My current routine is to rise at 5:30 AM and write about the previous day, a necessary discipline for the would-be writer who is busy during the day and mentally sluggish in the evening. I mention this because as I wrote this morning, long before it was light, a queen wasp appeared and began buzzing around the gradually brightening bulb. Though not remarkable in itself, (save for its angry contempt for three hard strikes with ' Singing Aloud-100 songs for unison voices) it was yet another reminder that winter is truly on its way. The nests will break up fast now the queens have flown and the redundant workers will gorge on rotting fruit until the first heavy frosts take them.
For my sins, (which must be considerable on today's evidence) I spent the whole day lopping an overgrown hedge for a friend and neighbour. It was, in simple terms, a pig of a job. Hawthorne is a formidable adversary at ground level, but tackled from the summit of my rickety steps the woven branches and gouging spines had me sweating and swearing. Under casual observation from the neighbouring builders, I managed the whole 70 yard stretch, but left behind me a daunting ridge of brash along the whole length - a job for Sunday. In the bath, full of wood chip from my long and wholly impractical hair, I marvelled at my fore arms, scored with a cobweb of angry scratches from wrist to elbow and thought with anticipation about the approaching hedge laying season.

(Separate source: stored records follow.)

(* Let $b,n\ge1$ and $1\le c\le b$ be integers and let $p_1,\dots,p_b\ge 0$ satisfy $p_1=\dots=p_c>p_{c+1}\ge\dots\ge p_b$. If $0\le k\le n(b-1)$ is such that $|\mathrm{LDS}_{\le k}|\le c^n$, then $\Pr(\mathrm{DBS}(c))\ge\Pr(\mathrm{LDS}_{\le k})$.
   Context: Search-tree model: a complete $b$-ary tree of depth $n$ whose leaves are identified with sequences $(j_1,\dots,j_n)\in\{1,\dots,b\}^n$. Given reals $p_1,\dots,p_b\ge0$, the success probability of a leaf is $\prod_{i=1}^n p_{j_i}$, and for a set $S$ of leaves, $\Pr(S)=\sum_{(j_1,\dots,j_n)\in S}\prod_{i=1}^n p_{j_i}$; $|S|$ is the number of leaves in $S$. For $1\le c\le b$, $\mathrm{DBS}(c)=\{1,\dots,c\}^n$. The discrepancy of a leaf $(j_1,\dots,j_n)$ is $\sum_{i=1}^n (j_i-1)$, and $\mathrm{LDS}_{\le k}$ is the set of leaves of discrepancy at most $k$. *)

theory Defs
  imports "HOL-Library.FuncSet" Complex_Main
begin

text \<open>Leaves of the complete b-ary tree of depth n: sequences (j_1,...,j_n) with
  entries in {1..b}, represented as extensional functions on positions {1..n}.\<close>
definition leaves :: "nat \<Rightarrow> nat \<Rightarrow> (nat \<Rightarrow> nat) set" where
  "leaves b n = ({1..n} \<rightarrow>\<^sub>E {1..b})"

definition leaf_prob :: "(nat \<Rightarrow> real) \<Rightarrow> nat \<Rightarrow> (nat \<Rightarrow> nat) \<Rightarrow> real" where
  "leaf_prob p n j = (\<Prod>i\<in>{1..n}. p (j i))"

definition Pr :: "(nat \<Rightarrow> real) \<Rightarrow> nat \<Rightarrow> (nat \<Rightarrow> nat) set \<Rightarrow> real" where
  "Pr p n S = (\<Sum>j\<in>S. leaf_prob p n j)"

definition DBS :: "nat \<Rightarrow> nat \<Rightarrow> (nat \<Rightarrow> nat) set" where
  "DBS c n = ({1..n} \<rightarrow>\<^sub>E {1..c})"

definition discrepancy :: "nat \<Rightarrow> (nat \<Rightarrow> nat) \<Rightarrow> nat" where
  "discrepancy n j = (\<Sum>i\<in>{1..n}. j i - 1)"

definition LDS_le :: "nat \<Rightarrow> nat \<Rightarrow> nat \<Rightarrow> (nat \<Rightarrow> nat) set" where
  "LDS_le b n k = {j \<in> leaves b n. discrepancy n j \<le> k}"

end

theory Submission
  imports Defs
begin

text \<open>Every success probability is at most p_1, so each leaf has probability at most p_1^n,
  and every leaf of DBS(c) attains this bound. Hence any set of at most c^n = |DBS(c)| leaves,
  in particular LDS, has probability at most that of DBS(c).\<close>

lemma card_DBS: "card (DBS c n) = c ^ n"
  unfolding DBS_def by (simp add: card_PiE)

lemma nonincreasing_le_first:
  fixes p :: "nat \<Rightarrow> 'a::preorder"
  assumes "\<And>i. a \<le> i \<Longrightarrow> i < b \<Longrightarrow> p (i + 1) \<le> p i" and "a \<le> i" and "i \<le> b"
  shows "p i \<le> p a"
  using assms(2,3)
proof (induction i rule: dec_induct)
  case base
  then show ?case by simp
next
  case (step i)
  then show ?case using assms(1)[of i] order_trans by simp
qed

lemma leaf_prob_le_pow:
  fixes M :: real
  assumes "\<And>i. i \<in> {1..n} \<Longrightarrow> 0 \<le> p (j i) \<and> p (j i) \<le> M"
  shows "leaf_prob p n j \<le> M ^ n"
proof -
  have "leaf_prob p n j \<le> (\<Prod>i\<in>{1..n}. M)"
    unfolding leaf_prob_def using assms by (intro prod_mono) blast
  then show ?thesis by simp
qed

lemma leaf_prob_const:
  assumes "\<And>i. i \<in> {1..n} \<Longrightarrow> p (j i) = a"
  shows "leaf_prob p n j = a ^ n"
  unfolding leaf_prob_def using assms by simp

lemma Pr_le_card_mult_pow:
  fixes M :: real
  assumes "\<And>j i. j \<in> S \<Longrightarrow> i \<in> {1..n} \<Longrightarrow> 0 \<le> p (j i) \<and> p (j i) \<le> M"
  shows "Pr p n S \<le> card S * M ^ n"
  unfolding Pr_def using assms by (intro sum_bounded_above leaf_prob_le_pow) blast

lemma Pr_DBS:
  assumes "\<And>i. i \<in> {1..c} \<Longrightarrow> p i = p 1"
  shows "Pr p n (DBS c n) = real (c ^ n) * p 1 ^ n"
proof -
  have "Pr p n (DBS c n) = (\<Sum>j\<in>DBS c n. p 1 ^ n)"
    unfolding Pr_def using assms
    by (intro sum.cong refl leaf_prob_const) (auto simp: DBS_def PiE_iff)
  then show ?thesis by (simp add: card_DBS)
qed

theorem mainTheorem3:
  fixes b n c k :: nat and p :: "nat \<Rightarrow> real"
  assumes "b \<ge> 1" and "n \<ge> 1" and "1 \<le> c" and "c \<le> b"
    and "\<And>i. 1 \<le> i \<Longrightarrow> i \<le> b \<Longrightarrow> p i \<ge> 0"
    and "\<And>i. 1 \<le> i \<Longrightarrow> i \<le> c \<Longrightarrow> p i = p 1"
    and "c < b \<Longrightarrow> p c > p (c + 1)"
    and "\<And>i. c + 1 \<le> i \<Longrightarrow> i < b \<Longrightarrow> p i \<ge> p (i + 1)"
    and "k \<le> n * (b - 1)"
    and "card (LDS_le b n k) \<le> c ^ n"
  shows "Pr p n (DBS c n) \<ge> Pr p n (LDS_le b n k)"
proof -
  have "p (i + 1) \<le> p i" if "1 \<le> i" "i < b" for i
    using that assms(3,7) assms(6,8)[of i] assms(6)[of "i + 1"]
    by (cases "i < c"; cases "i = c") auto
  then have le_p1: "p i \<le> p 1" if "1 \<le> i" "i \<le> b" for i
    using that by (rule nonincreasing_le_first)
  have "Pr p n (LDS_le b n k) \<le> card (LDS_le b n k) * p 1 ^ n"
    using assms(5) le_p1 by (intro Pr_le_card_mult_pow) (auto simp: LDS_le_def leaves_def PiE_iff)
  also have "\<dots> \<le> c ^ n * p 1 ^ n"
    using assms(1,5,10) by (intro mult_right_mono) auto
  also have "\<dots> = Pr p n (DBS c n)"
    by (rule Pr_DBS[symmetric], rule assms(6)) auto
  finally show ?thesis .
qed

end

Every year we have the good fortune to be invited to a large bonfire and fireworks party just down the lane. The event, I suppose has become part of our burgeoning family tradition and this evening we made the annual pilgrimage on foot with our newest member. It was mild and still and as usual the halogen floodlights could be seen from afar, blurred this evening by a slight mist. On arrival my workmen's appetite was immediately stirred by the food preparations. A large pig striped with golden crackling turned slowly over oak logs whilst alongside plump, new season pheasants cooked slowly on a barbecue. With my mind firmly focused on dinner I was almost startled by S appearing out of the darkness. With two of his boys off running wild with the mob of other children, he and his father settled in with us for an evening of joking and gossip over plastic cups of beer. The food did not disappoint once the interminable queue finally subsided and as if to mark the momentous moment the first exploding mortars stunned the mumbling crowd to silence as we were handed our baps. Forget a small amateur display. The hosts put on some of the larger shows in the south-east and this evening we were treated to the works. Choreographed explosion after explosion filled the smoke laden sky with twirling spirals of pink, shimmering plumes of gold and starbursts of green and blue. As the fireworks faded, the bonfire, a 20 foot heap of brash and pallets, was kindled and within seconds an immense tongue of flame was sending dusky sparks high into the night. G was unmoved by the whole event and was more interested in pulling up grass than he had been in the display. Still his good humour ensured an enjoyable evening and we wheeled him back, his head lolling with contented sleep.